Все знали любовь редактора к заголовкам, заимствованным из классического наследства. На заводе долго помнили его собственную статью «Луч света в темном царстве», сообщавшую о смене электропроводки и установке новых светильников в складских помещениях.

Скатерщиков мог теперь иронизировать сколько душе угодно. Даже над редактором. Чего стесняться, если выковал отличный промышленный вал из уникального слитка!

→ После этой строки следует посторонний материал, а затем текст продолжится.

(* Let $\Omega\subset\mathbb{R}^n$ be a domain, $\mathcal{S}$ any basis of shapes in $\Omega$, and $1\le p<\infty$. Then $\mathrm{BMO}^p_{\mathcal{S}}(\Omega)\subset L^p_{loc}(\Omega)$.
   Context: A domain is an open connected set. A shape is an open set $S\subset\mathbb{R}^n$ with $0<|S|<\infty$. A basis of shapes in $\Omega$ is a collection of shapes contained in $\Omega$ covering $\Omega$. For $f\in L^1(S)$, $f_S=\frac1{|S|}\int_Sf$. $\mathrm{BMO}^p_{\mathcal{S}}(\Omega)$ is the space of functions $f$ with $f\in L^1(S)$ for all $S\in\mathcal{S}$ such that there is $K\ge0$ with $\big(\frac1{|S|}\int_S|f-f_S|^p\big)^{1/p}\le K$ for all $S\in\mathcal{S}$. *)

theory Defs
  imports "HOL-Analysis.Analysis"
begin

definition domain :: "'a::euclidean_space set \<Rightarrow> bool" where
  "domain \<Omega> \<longleftrightarrow> open \<Omega> \<and> connected \<Omega>"

definition shape :: "'a::euclidean_space set \<Rightarrow> bool" where
  "shape S \<longleftrightarrow> open S \<and> 0 < emeasure lebesgue S \<and> emeasure lebesgue S < \<infinity>"

definition basis_of_shapes :: "'a::euclidean_space set set \<Rightarrow> 'a set \<Rightarrow> bool" where
  "basis_of_shapes \<S> \<Omega> \<longleftrightarrow> (\<forall>S\<in>\<S>. shape S \<and> S \<subseteq> \<Omega>) \<and> \<Union>\<S> = \<Omega>"

definition avg :: "('a::euclidean_space \<Rightarrow> real) \<Rightarrow> 'a set \<Rightarrow> real" where
  "avg f S = (1 / measure lebesgue S) * (LINT x:S|lebesgue. f x)"

definition mean_osc :: "real \<Rightarrow> ('a::euclidean_space \<Rightarrow> real) \<Rightarrow> 'a set \<Rightarrow> ennreal" where
  "mean_osc p f S = (\<integral>\<^sup>+ x\<in>S. ennreal (\<bar>f x - avg f S\<bar> powr p) \<partial>lebesgue) / emeasure lebesgue S"

definition BMO :: "real \<Rightarrow> 'a::euclidean_space set set \<Rightarrow> 'a set \<Rightarrow> ('a \<Rightarrow> real) set" where
  "BMO p \<S> \<Omega> = {f. (\<forall>S\<in>\<S>. set_integrable lebesgue S f) \<and>
      (\<exists>K\<ge>0. \<forall>S\<in>\<S>. mean_osc p f S \<le> ennreal (K powr p))}"

definition Lp_loc :: "real \<Rightarrow> 'a::euclidean_space set \<Rightarrow> ('a \<Rightarrow> real) set" where
  "Lp_loc p \<Omega> = {f. \<forall>K. compact K \<and> K \<subseteq> \<Omega> \<longrightarrow>
      set_borel_measurable lebesgue K f \<and>
      (\<integral>\<^sup>+ x\<in>K. ennreal (\<bar>f x\<bar> powr p) \<partial>lebesgue) < \<infinity>}"

end

theory Submission
  imports Defs
begin

text \<open>On a shape \<open>S\<close>, \<open>|f| \<le> |f - f\<^sub>S| + |f\<^sub>S|\<close> and \<open>|S| < \<infinity>\<close>, so a finite mean oscillation
  forces \<open>f \<in> L\<^sup>p(S)\<close>. A compact \<open>K \<subseteq> \<Omega>\<close> is covered by finitely many of the open shapes of the
  basis, hence \<open>\<integral>\<^sub>K |f|\<^sup>p\<close> is bounded by a finite sum of such integrals.\<close>

lemma powr_add_le_two_powr:
  fixes a b p :: real
  assumes "0 \<le> a" "0 \<le> b" "0 < p"
  shows "(a + b) powr p \<le> 2 powr p * (a powr p + b powr p)"
proof -
  have "(a + b) powr p \<le> (2 * max a b) powr p"
    using assms by (intro powr_mono2) auto
  also have "\<dots> = 2 powr p * max a b powr p"
    using assms by (simp add: powr_mult)
  also have "\<dots> \<le> 2 powr p * (a powr p + b powr p)"
    by (simp add: max_def)
  finally show ?thesis .
qed

lemma set_borel_measurable_if_set_integrable:
  "set_integrable M S f \<Longrightarrow> set_borel_measurable M S f"
  unfolding set_integrable_def set_borel_measurable_def by (rule borel_measurable_integrable)

lemma borel_measurable_abs_diff_powr_indicator:
  fixes f :: "'a \<Rightarrow> real"
  assumes "set_borel_measurable M S f" "S \<in> sets M"
  shows "(\<lambda>x. ennreal (\<bar>f x - c\<bar> powr p) * indicator S x) \<in> borel_measurable M"
proof -
  have [measurable]: "(\<lambda>x. indicator S x * f x) \<in> borel_measurable M" "S \<in> sets M"
    using assms unfolding set_borel_measurable_def by auto
  have "(\<lambda>x. ennreal (\<bar>f x - c\<bar> powr p) * indicator S x)
      = (\<lambda>x. ennreal (\<bar>indicator S x * f x - c\<bar> powr p) * indicator S x)"
    by (auto simp: fun_eq_iff indicator_def)
  also have "\<dots> \<in> borel_measurable M"
    by measurable
  finally show ?thesis .
qed

lemma set_nn_integral_abs_powr_less_top_shift:
  fixes f :: "'a \<Rightarrow> real"
  assumes S: "S \<in> sets M" "emeasure M S < \<infinity>" and f: "set_borel_measurable M S f"
    and p: "0 < p"
    and osc: "(\<integral>\<^sup>+ x\<in>S. ennreal (\<bar>f x - c\<bar> powr p) \<partial>M) < \<infinity>"
  shows "(\<integral>\<^sup>+ x\<in>S. ennreal (\<bar>f x\<bar> powr p) \<partial>M) < \<infinity>"
proof -
  have pointwise: "ennreal (\<bar>f x\<bar> powr p) * indicator S x
      \<le> ennreal (2 powr p) * (ennreal (\<bar>f x - c\<bar> powr p) * indicator S x
          + ennreal (\<bar>c\<bar> powr p) * indicator S x)" for x
  proof (cases "x \<in> S")
    case True
    have "\<bar>f x\<bar> powr p \<le> (\<bar>f x - c\<bar> + \<bar>c\<bar>) powr p"
      using p by (intro powr_mono2) auto
    also have "\<dots> \<le> 2 powr p * (\<bar>f x - c\<bar> powr p + \<bar>c\<bar> powr p)"
      using p by (intro powr_add_le_two_powr) auto
    finally show ?thesis
      using True by (simp add: ennreal_mult[symmetric] ennreal_plus[symmetric] del: ennreal_plus)
  qed simp
  have "(\<integral>\<^sup>+ x\<in>S. ennreal (\<bar>f x\<bar> powr p) \<partial>M)
      \<le> (\<integral>\<^sup>+ x. ennreal (2 powr p) * (ennreal (\<bar>f x - c\<bar> powr p) * indicator S x
          + ennreal (\<bar>c\<bar> powr p) * indicator S x) \<partial>M)"
    by (intro nn_integral_mono pointwise)
  also have "\<dots> = ennreal (2 powr p) * ((\<integral>\<^sup>+ x\<in>S. ennreal (\<bar>f x - c\<bar> powr p) \<partial>M)
      + ennreal (\<bar>c\<bar> powr p) * emeasure M S)"
    using S borel_measurable_abs_diff_powr_indicator[OF f S(1)]
    by (simp add: nn_integral_cmult nn_integral_add nn_integral_cmult_indicator)
  also have "\<dots> < \<infinity>"
    using osc S by (simp add: ennreal_mult_less_top less_top)
  finally show ?thesis .
qed

lemma set_nn_integral_less_top_finite_cover:
  fixes g :: "'a \<Rightarrow> ennreal"
  assumes "finite F" "K \<subseteq> \<Union>F"
    and "\<And>S. S \<in> F \<Longrightarrow> (\<lambda>x. g x * indicator S x) \<in> borel_measurable M"
    and "\<And>S. S \<in> F \<Longrightarrow> (\<integral>\<^sup>+ x\<in>S. g x \<partial>M) < \<infinity>"
  shows "(\<integral>\<^sup>+ x\<in>K. g x \<partial>M) < \<infinity>"
proof -
  have "g x * indicator K x \<le> (\<Sum>S\<in>F. g x * indicator S x)" for x
  proof (cases "x \<in> K")
    case True
    then obtain S where "S \<in> F" "x \<in> S"
      using assms(2) by auto
    then have "g x * indicator K x = g x * indicator S x"
      using True by simp
    also have "\<dots> \<le> (\<Sum>S\<in>F. g x * indicator S x)"
      using \<open>S \<in> F\<close> assms(1) by (intro member_le_sum) auto
    finally show ?thesis .
  qed simp
  then have "(\<integral>\<^sup>+ x\<in>K. g x \<partial>M) \<le> (\<integral>\<^sup>+ x. (\<Sum>S\<in>F. g x * indicator S x) \<partial>M)"
    by (intro nn_integral_mono)
  also have "\<dots> = (\<Sum>S\<in>F. \<integral>\<^sup>+ x\<in>S. g x \<partial>M)"
    using assms(3) by (intro nn_integral_sum) auto
  also have "\<dots> < \<infinity>"
    using assms(1,4) by simp
  finally show ?thesis .
qed

lemma set_nn_integral_mean_osc_less_top:
  assumes "shape S" "mean_osc p f S < \<infinity>"
  shows "(\<integral>\<^sup>+ x\<in>S. ennreal (\<bar>f x - avg f S\<bar> powr p) \<partial>lebesgue) < \<infinity>"
proof (rule ccontr)
  assume "\<not> ?thesis"
  moreover have "emeasure lebesgue S \<noteq> \<infinity>"
    using assms(1) unfolding shape_def by auto
  ultimately have "mean_osc p f S = \<infinity>"
    unfolding mean_osc_def by (simp add: less_top[symmetric] ennreal_top_divide)
  then show False
    using assms(2) by simp
qed

lemma shape_set_nn_integral_abs_powr_less_top:
  fixes f :: "'a::euclidean_space \<Rightarrow> real"
  assumes S: "shape S" and f: "set_integrable lebesgue S f"
    and osc: "mean_osc p f S < \<infinity>" and p: "0 < p"
  shows "(\<integral>\<^sup>+ x\<in>S. ennreal (\<bar>f x\<bar> powr p) \<partial>lebesgue) < \<infinity>"
proof (rule set_nn_integral_abs_powr_less_top_shift[OF _ _ _ p])
  show "S \<in> sets lebesgue" "emeasure lebesgue S < \<infinity>"
    using S unfolding shape_def by auto
  show "set_borel_measurable lebesgue S f"
    using f by (rule set_borel_measurable_if_set_integrable)
  show "(\<integral>\<^sup>+ x\<in>S. ennreal (\<bar>f x - avg f S\<bar> powr p) \<partial>lebesgue) < \<infinity>"
    using S osc by (rule set_nn_integral_mean_osc_less_top)
qed

lemma basis_of_shapes_finite_subcover:
  assumes "basis_of_shapes \<S> \<Omega>" "compact K" "K \<subseteq> \<Omega>"
  obtains F where "F \<subseteq> \<S>" "finite F" "K \<subseteq> \<Union>F"
proof -
  have "\<forall>S\<in>\<S>. open S" "K \<subseteq> \<Union>\<S>"
    using assms unfolding basis_of_shapes_def shape_def by auto
  then show ?thesis
    using assms(2) that by (meson compactE)
qed

lemma BMO_imp_Lp_on_basis_shape:
  assumes "basis_of_shapes \<S> \<Omega>" "f \<in> BMO p \<S> \<Omega>" "S \<in> \<S>" "0 < p"
  shows "set_integrable lebesgue S f"
    and "(\<integral>\<^sup>+ x\<in>S. ennreal (\<bar>f x\<bar> powr p) \<partial>lebesgue) < \<infinity>"
proof -
  obtain C where f: "set_integrable lebesgue S f" and "mean_osc p f S \<le> ennreal (C powr p)"
    using assms(2,3) unfolding BMO_def by auto
  then have "mean_osc p f S < \<infinity>"
    by (simp add: le_less_trans)
  moreover have "shape S"
    using assms(1,3) unfolding basis_of_shapes_def by auto
  ultimately show "(\<integral>\<^sup>+ x\<in>S. ennreal (\<bar>f x\<bar> powr p) \<partial>lebesgue) < \<infinity>"
    using f assms(4) by (intro shape_set_nn_integral_abs_powr_less_top)
  show "set_integrable lebesgue S f"
    by (fact f)
qed

lemma Lp_on_subset_of_finite_cover:
  fixes f :: "'a \<Rightarrow> real"
  assumes "finite F" "K \<subseteq> \<Union>F" "K \<in> sets M" "\<And>S. S \<in> F \<Longrightarrow> S \<in> sets M"
    and "\<And>S. S \<in> F \<Longrightarrow> set_integrable M S f"
    and "\<And>S. S \<in> F \<Longrightarrow> (\<integral>\<^sup>+ x\<in>S. ennreal (\<bar>f x\<bar> powr p) \<partial>M) < \<infinity>"
  shows "set_borel_measurable M K f"
    and "(\<integral>\<^sup>+ x\<in>K. ennreal (\<bar>f x\<bar> powr p) \<partial>M) < \<infinity>"
proof -
  have "set_integrable M (\<Union>S\<in>F. S) f"
    using assms(1,4,5) by (intro set_integrable_UN) auto
  then have "set_borel_measurable M (\<Union>F) f"
    by (simp add: set_borel_measurable_if_set_integrable)
  then show "set_borel_measurable M K f"
    by (rule set_borel_measurable_subset[OF _ assms(3,2)])
  show "(\<integral>\<^sup>+ x\<in>K. ennreal (\<bar>f x\<bar> powr p) \<partial>M) < \<infinity>"
  proof (rule set_nn_integral_less_top_finite_cover[OF assms(1,2)])
    fix S assume S: "S \<in> F"
    then have "set_borel_measurable M S f"
      by (intro set_borel_measurable_if_set_integrable assms(5))
    from borel_measurable_abs_diff_powr_indicator[OF this assms(4)[OF S], where c = 0]
    show "(\<lambda>x. ennreal (\<bar>f x\<bar> powr p) * indicator S x) \<in> borel_measurable M"
      by simp
    show "(\<integral>\<^sup>+ x\<in>S. ennreal (\<bar>f x\<bar> powr p) \<partial>M) < \<infinity>"
      using S by (rule assms(6))
  qed
qed

theorem lemma3p3:
  fixes \<Omega> :: "'a::euclidean_space set" and \<S> :: "'a set set" and p :: real
  assumes "domain \<Omega>" and "basis_of_shapes \<S> \<Omega>" and "1 \<le> p"
  shows "BMO p \<S> \<Omega> \<subseteq> Lp_loc p \<Omega>"
proof (intro subsetI, unfold Lp_loc_def mem_Collect_eq, intro allI impI)
  fix f K
  assume f: "f \<in> BMO p \<S> \<Omega>" and K: "compact K \<and> K \<subseteq> \<Omega>"
  obtain F where F: "F \<subseteq> \<S>" "finite F" "K \<subseteq> \<Union>F"
    using basis_of_shapes_finite_subcover[OF assms(2)] K by blast
  have sets: "S \<in> sets lebesgue" if "S \<in> F" for S
    using that F(1) assms(2) unfolding basis_of_shapes_def shape_def by auto
  have "0 < p"
    using assms(3) by simp
  then have on_F: "set_integrable lebesgue S f"
      "(\<integral>\<^sup>+ x\<in>S. ennreal (\<bar>f x\<bar> powr p) \<partial>lebesgue) < \<infinity>" if "S \<in> F" for S
    using BMO_imp_Lp_on_basis_shape[OF assms(2) f subsetD[OF F(1) that]] by auto
  have "K \<in> sets lebesgue"
    using K by (simp add: compact_imp_closed borel_closed)
  from Lp_on_subset_of_finite_cover[OF F(2,3) this sets on_F]
  show "set_borel_measurable lebesgue K f \<and>
      (\<integral>\<^sup>+ x\<in>K. ennreal (\<bar>f x\<bar> powr p) \<partial>lebesgue) < \<infinity>"
    by blast
qed

end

Алтунин видел этот чудовищный слиток. В прессовый цех его доставили на платформе-лафете широкой колеи. Платформа остановилась возле камерных нагревательных печей. С гулом, будто прокатился отдаленный гром, по рельсам выдвинулся под, мостовой кран с электрокантователем подхватил пышущую жаром темно-бурую толстенную болванку в виде усеченного конуса и бережно посадил на подину. Подина задвинулась. Рабочие поспешно закрыли магнезитовым кирпичом смотровые щели, тщательно замазали крышку огнеупорной глиной... Все — и техника и люди — сработало с изумительной четкостью. И вал получился изумительным — произведение искусства!

Этому событию посвятили на заводе специальное торжественное собрание. Произносили речи. Главный инженер Лядов вручал почетные грамоты и памятные значки. То и дело вспыхивали «блицы» фотокорреспондентов. Собрание транслировали по городскому телевидению.

Начальник цеха Самарин в своем выступлении упомянул об огромной подготовительной работе, которую проделала бригада гидропресса под руководством Алтунина, но на это никто не обратил внимания. Важен результат. Славят победителей, а не тех, кто тыкался из стороны в сторону в поисках верной дороги. Победителей славят и не судят. Скатерщикову — скатерщиково. Алтунину — алтунино...

Холодный и надменный сидел Скатерщиков в президиуме. Поджатые губы, высоко поднятые брови. Глаза, как две синих льдинки. Он принимал славу с сознанием собственного достоинства. Еще неизвестно, что было бы, если бы валы продолжал ковать Алтунин. Чужая победа всегда кажется легкой.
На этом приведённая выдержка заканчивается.